About this site
Hello. I’m Daniel, and what you’ve just found is my personal website on computer games. I have a specific interest in older and less well-known games. My personal golden age of gaming is the mid-1990s to early 2000s, and my favourite platform is, and always was, the IBM PC. You might notice this focus in the selection of games I like to spend my time with, and therefore write about. Here’s a little of what that could include: the heyday of point & click adventure games, the DOS shareware era, tediously clearing up conventional memory to get sound drivers to load, the multimedia boom and interactive movies, janky and overambitious early 3D games, magazine covermount CD-ROMs with game demos, and so on.

A screenshot of Sid Meier’s Colonization (1994) to test the aspect-corrected screenshot viewers.
My personal preferences will also be reflected in the game genres I spend most of my time with. I always favoured games focussing on stories, characters, and interesting game worlds, so my favourite genres are adventures and role-playing games. I also enjoy many action titles, and have a particular fondness for racing games. There will be little content on strategy games. Although I enjoy them in theory, I’m frustratingly bad at them. There will be even less content on puzzle games, and an almost complete veil of silence over the existence of sports games.

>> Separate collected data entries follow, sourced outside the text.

(* Let $K\ge2$ and let $(\mathbf{H},D,\mathbf{Z})$ follow the replication csmGmm (r-csmGmm) described in the context. Let $\mathcal{H}^{rep}_a=\{(1,\dots,1)^T,(-1,\dots,-1)^T\}\subset\{-1,0,1\}^K$ and $\mathcal{H}^{rep}_0=\{-1,0,1\}^K\setminus\mathcal{H}^{rep}_a$, and define $$lfdr(\mathbf{z})=\Pr(\mathbf{H}\in\mathcal{H}^{rep}_0\mid\mathbf{Z}=\mathbf{z})=\frac{\sum_{l:\mathbf{h}^l\in\mathcal{H}^{rep}_0}\sum_{m=1}^{M_{b_l}}\pi_{b_l m}\prod_{k=1}^K\phi(z_k-h^l_k\mu_{b_l,m,k})}{\sum_{l=0}^{3^K-1}\sum_{m=1}^{M_{b_l}}\pi_{b_l m}\prod_{k=1}^K\phi(z_k-h^l_k\mu_{b_l,m,k})},$$ with $\phi$ the standard normal density. Then for any $k\in\{1,\dots,K\}$, with the other coordinates held fixed: $lfdr(\mathbf{z})$ is non-increasing in $z_k$ for $z_k>0$ provided $z_{k'}>0$ for all $k'$; and $lfdr(\mathbf{z})$ is non-decreasing in $z_k$ for $z_k<0$ provided $z_{k'}<0$ for all $k'$.
   Context: The latent configuration is $\mathbf{H}\in\{-1,0,1\}^K$; enumerate the $3^K$ configurations as $\mathbf{h}^0,\dots,\mathbf{h}^{3^K-1}$ with $\mathbf{h}^0=(0,\dots,0)^T$, and let $b_l=\sum_{k=1}^K2^{K-k}|h^l_k|$ (the $k$-th binary digit of $b_l$ is $|h^l_k|$). csmGmm: for each $b\in\{0,\dots,2^K-1\}$ there is a positive integer $M_b$ ($M_0=1$), mean-magnitude vectors $\boldsymbol{\mu}_{b,m}=(\mu_{b,m,1},\dots,\mu_{b,m,K})^T$, $m=1,\dots,M_b$, with $\mu_{b,m,k}=0$ if the $k$-th binary digit of $b$ is $0$ and $\mu_{b,m,k}>0$ otherwise, and $\mu_{2^K-1,m,k}\ge\mu_{b,m',k}$ for all $b<2^K-1$ and all $m,m',k$; and probabilities $\Pr(\mathbf{H}=\mathbf{h}^l,D=m)=\pi_{b_l m}\ge0$ (shared across configurations with equal $b_l$) summing to one. Conditional on $\mathbf{H}=\mathbf{h}^l$, $D=m$, $\mathbf{Z}\sim N_K(\mathrm{diag}(\mathbf{h}^l)\boldsymbol{\mu}_{b_l,m},\mathbf{I}_K)$. The r-csmGmm is this model with the additional restriction $M_{2^K-1}=1$. The replication composite null for parameters $\theta_1,\dots,\theta_K$ is $\{\bigcup_k\theta_k=0\}\cup\{\bigcup_{k\ne k'}\mathrm{sign}(\theta_k)\ne\mathrm{sign}(\theta_{k'})\}$, corresponding to $\mathbf{H}\in\mathcal{H}^{rep}_0$. *)

theory Defs
  imports "HOL-Probability.Distributions"
begin

definition configs :: "nat \<Rightarrow> (nat \<Rightarrow> int) set" where
  "configs K = {h. (\<forall>k\<in>{1..K}. h k \<in> {-1, 0, 1}) \<and> (\<forall>k. k \<notin> {1..K} \<longrightarrow> h k = 0)}"

definition bidx :: "nat \<Rightarrow> (nat \<Rightarrow> int) \<Rightarrow> nat" where
  "bidx K h = (\<Sum>k=1..K. 2 ^ (K - k) * nat \<bar>h k\<bar>)"

definition digit :: "nat \<Rightarrow> nat \<Rightarrow> nat \<Rightarrow> nat" where
  "digit K b k = (b div 2 ^ (K - k)) mod 2"

definition Ha_rep :: "nat \<Rightarrow> (nat \<Rightarrow> int) set" where
  "Ha_rep K = {(\<lambda>k. if k \<in> {1..K} then 1 else 0), (\<lambda>k. if k \<in> {1..K} then -1 else 0)}"

definition H0_rep :: "nat \<Rightarrow> (nat \<Rightarrow> int) set" where
  "H0_rep K = configs K - Ha_rep K"
text \<open>Regular variation makes \<open>tail_prob\<close> nearly constant across a thin annulus
  \<open>(1 - \<delta>) m < \<bar>X\<bar> \<le> (1 + \<delta>) m\<close>, so the annulus carries little mass.\<close>
lemma annulus_prob_small:
  obtains \<delta> x0 where "0 < \<delta>" "\<delta> \<le> 1/2" "x0 > 0"
    "\<And>T m. x0 \<le> T \<Longrightarrow> T \<le> m \<Longrightarrow>
      prob {\<omega> \<in> space M. (1 - \<delta>) * m < \<bar>X \<omega>\<bar> \<and> \<bar>X \<omega>\<bar> \<le> (1 + \<delta>) * m} \<le> tail_prob T / 16"
proof -
  have l1: "((\<lambda>d. ((1 + d) / (1 - d)) powr (-\<alpha>)) \<longlongrightarrow> 1) (at (0::real))"
    by (intro tendsto_eq_intros) (auto intro: tendsto_ident_at)
  have l2: "((\<lambda>d. (1 - d) powr (-\<alpha>)) \<longlongrightarrow> 1) (at (0::real))"
    by (intro tendsto_eq_intros) (auto intro: tendsto_ident_at)
  have "\<forall>\<^sub>F d in at 0. ((1 + d) / (1 - d)) powr (-\<alpha>) > 31/32"
    and "\<forall>\<^sub>F d in at 0. (1 - d) powr (-\<alpha>) < 2"
    using order_tendstoD(1)[OF l1, of "31/32"] order_tendstoD(2)[OF l2, of 2] by simp_all
  from eventually_conj[OF this] obtain d0 where "d0 > 0" and d0: "\<And>d::real. d \<noteq> 0 \<Longrightarrow> \<bar>d\<bar> < d0 \<Longrightarrow>
      ((1 + d) / (1 - d)) powr (-\<alpha>) > 31/32 \<and> (1 - d) powr (-\<alpha>) < 2"
    unfolding eventually_at by (auto simp: dist_real_def)
  define \<delta> where "\<delta> = min (d0 / 2) (1 / 2)"
  have \<delta>: "0 < \<delta>" "\<delta> \<le> 1/2" using \<open>d0 > 0\<close> by (auto simp: \<delta>_def)
  then have ratios: "((1 + \<delta>) / (1 - \<delta>)) powr (-\<alpha>) > 31/32" "(1 - \<delta>) powr (-\<alpha>) < 2"
    using d0[of \<delta>] \<open>d0 > 0\<close> by (auto simp: \<delta>_def)
  obtain xa where "xa > 0" and xa: "\<And>x. x \<ge> xa \<Longrightarrow> 31/32 * tail_prob x \<le> tail_prob ((1 + \<delta>) / (1 - \<delta>) * x)"
    using tail_prob_ratio_eventually_ge[of "(1 + \<delta>) / (1 - \<delta>)" "31/32"] ratios \<delta> by auto
  obtain xb where "xb > 0" and xb: "\<And>x. x \<ge> xb \<Longrightarrow> tail_prob ((1 - \<delta>) * x) \<le> 2 * tail_prob x"
    using tail_prob_ratio_eventually_le[of "1 - \<delta>" 2] ratios \<delta> by auto
  define x0 where "x0 = max (xa / (1 - \<delta>)) xb"
  show ?thesis
  proof (rule that[OF \<delta>])
    show "x0 > 0" using \<open>xb > 0\<close> by (simp add: x0_def)
  next
    fix T m assume T: "x0 \<le> T" "T \<le> m"
    have "xa \<le> (1 - \<delta>) * T"
      using T \<delta> by (simp add: x0_def pos_divide_le_eq mult.commute)
    also have "\<dots> \<le> (1 - \<delta>) * m"
      using T \<delta> by (intro mult_left_mono) auto
    finally have "(1 - \<delta>) * m \<ge> xa" .
    moreover have "0 < (1 - \<delta>) * m"
      using T \<delta> \<open>xb > 0\<close> by (simp add: x0_def)
    ultimately have "31/32 * tail_prob ((1 - \<delta>) * m) \<le> tail_prob ((1 + \<delta>) * m)"
      using xa[of "(1 - \<delta>) * m"] \<delta> by simp
    moreover have "tail_prob ((1 - \<delta>) * m) \<le> tail_prob ((1 - \<delta>) * T)"
      using T \<delta> by (intro tail_prob_antimono mult_left_mono) auto
    moreover have "tail_prob ((1 - \<delta>) * T) \<le> 2 * tail_prob T"
      using xb T by (simp add: x0_def)
    moreover have "prob {\<omega> \<in> space M. (1 - \<delta>) * m < \<bar>X \<omega>\<bar> \<and> \<bar>X \<omega>\<bar> \<le> (1 + \<delta>) * m}
        = tail_prob ((1 - \<delta>) * m) - tail_prob ((1 + \<delta>) * m)"
      using \<open>0 < (1 - \<delta>) * m\<close> \<delta>
      by (intro prob_abs_between) (auto simp: zero_less_mult_iff intro: mult_right_mono)
    ultimately show "prob {\<omega> \<in> space M. (1 - \<delta>) * m < \<bar>X \<omega>\<bar> \<and> \<bar>X \<omega>\<bar> \<le> (1 + \<delta>) * m}
        \<le> tail_prob T / 16"
      by linarith
  qed
qed

text \<open>An interval of length \<open>\<delta> T\<close> outside \<open>[-T, T]\<close> lies in one of two annuli around
  \<open>max u T\<close> and \<open>max (- u - \<delta> T) T\<close>.\<close>
lemma tail_concentration:
  obtains \<delta> x0 where "0 < \<delta>" "x0 > 0"
    "\<And>T u. T \<ge> x0 \<Longrightarrow> prob {\<omega> \<in> space M. u \<le> X \<omega> \<and> X \<omega> \<le> u + \<delta> * T \<and> \<bar>X \<omega>\<bar> > T} \<le> tail_prob T / 4"
proof -
  obtain \<delta> x0 where \<delta>: "0 < \<delta>" "\<delta> \<le> 1/2" and "x0 > 0" and annulus: "\<And>T m. x0 \<le> T \<Longrightarrow> T \<le> m \<Longrightarrow>
      prob {\<omega> \<in> space M. (1 - \<delta>) * m < \<bar>X \<omega>\<bar> \<and> \<bar>X \<omega>\<bar> \<le> (1 + \<delta>) * m} \<le> tail_prob T / 16"
    using annulus_prob_small by blast
  define A where "A m = {\<omega> \<in> space M. (1 - \<delta>) * m < \<bar>X \<omega>\<bar> \<and> \<bar>X \<omega>\<bar> \<le> (1 + \<delta>) * m}" for m
  have bound: "prob {\<omega> \<in> space M. u \<le> X \<omega> \<and> X \<omega> \<le> u + \<delta> * T \<and> \<bar>X \<omega>\<bar> > T} \<le> tail_prob T / 4"
    if T: "T \<ge> x0" for T u
  proof -
    define m1 where "m1 = max u T"
    define m2 where "m2 = max (- u - \<delta> * T) T"
    have "T > 0" using T \<open>x0 > 0\<close> by simp
    have m: "u \<le> m1" "T \<le> m1" "- u - \<delta> * T \<le> m2" "T \<le> m2"
      by (simp_all add: m1_def m2_def)
    then have "\<delta> * T \<le> \<delta> * m1" "\<delta> * T \<le> \<delta> * m2"
      using \<delta> by (simp_all add: mult_left_mono)
    have "\<omega> \<in> A m1 \<union> A m2"
      if \<omega>: "\<omega> \<in> space M" "u \<le> X \<omega>" "X \<omega> \<le> u + \<delta> * T" "\<bar>X \<omega>\<bar> > T" for \<omega>
    proof (cases "X \<omega> > 0")
      case True
      have "m1 \<le> X \<omega>" using \<omega> True by (simp add: m1_def)
      moreover have "X \<omega> \<le> (1 + \<delta>) * m1"
        unfolding distrib_right mult_1_left using \<omega>(3) m \<open>\<delta> * T \<le> \<delta> * m1\<close> by linarith
      moreover have "(1 - \<delta>) * m1 < m1"
        using m \<delta> \<open>T > 0\<close> by (simp add: left_diff_distrib)
      ultimately show ?thesis using True \<omega>(1) by (auto simp: A_def)
    next
      case False
      have "m2 \<le> - X \<omega>" using \<omega> False by (simp add: m2_def)
      moreover have "- X \<omega> \<le> (1 + \<delta>) * m2"
        unfolding distrib_right mult_1_left using \<omega>(2) m \<open>\<delta> * T \<le> \<delta> * m2\<close> by linarith
      moreover have "(1 - \<delta>) * m2 < m2"
        using m \<delta> \<open>T > 0\<close> by (simp add: left_diff_distrib)
      ultimately show ?thesis using False \<omega>(1) by (auto simp: A_def)
    qed
    then have "prob {\<omega> \<in> space M. u \<le> X \<omega> \<and> X \<omega> \<le> u + \<delta> * T \<and> \<bar>X \<omega>\<bar> > T} \<le> prob (A m1 \<union> A m2)"
      by (intro finite_measure_mono) (auto simp: A_def)
    also have "\<dots> \<le> prob (A m1) + prob (A m2)"
      by (intro measure_Un_le) (auto simp: A_def)
    also have "\<dots> \<le> tail_prob T / 16 + tail_prob T / 16"
      unfolding A_def using T by (intro add_mono annulus) (auto simp: m1_def m2_def)
    finally show ?thesis using tail_prob_nonneg[of T] by simp
  qed
  show ?thesis by (rule that[OF \<open>0 < \<delta>\<close> \<open>x0 > 0\<close> bound])
qed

I have a habit of wanting to see how a game series, the works of a designer, a development studio, or even an entire platform developed. For that reason, I enjoy going back to the beginning of such a set of games, playing them one by one, and researching each title as I go along. Wanting to keep track of those chronological gaming projects, and taking a few notes, was the initial motive for starting this site. As I’m typing in these notes regardless, it’s not a big effort to put them online.
The site offers an overview of these projects, and articles are ordered chronologically by the game or event they’re about. If you see mention of a topic’s “historical date”, it means the date a game was released on, or on which an event took place, not the date I wrote about it.
I also maintain my own little games database. Apart from original descriptions, short reviews, and screenshots, I also describe the narrative content of games using my own keyword system. While I plan to publish that data as well, I haven’t decided how or where yet. As soon as I get there, I’ll try to link a game’s entry in the database from any article that mentions it.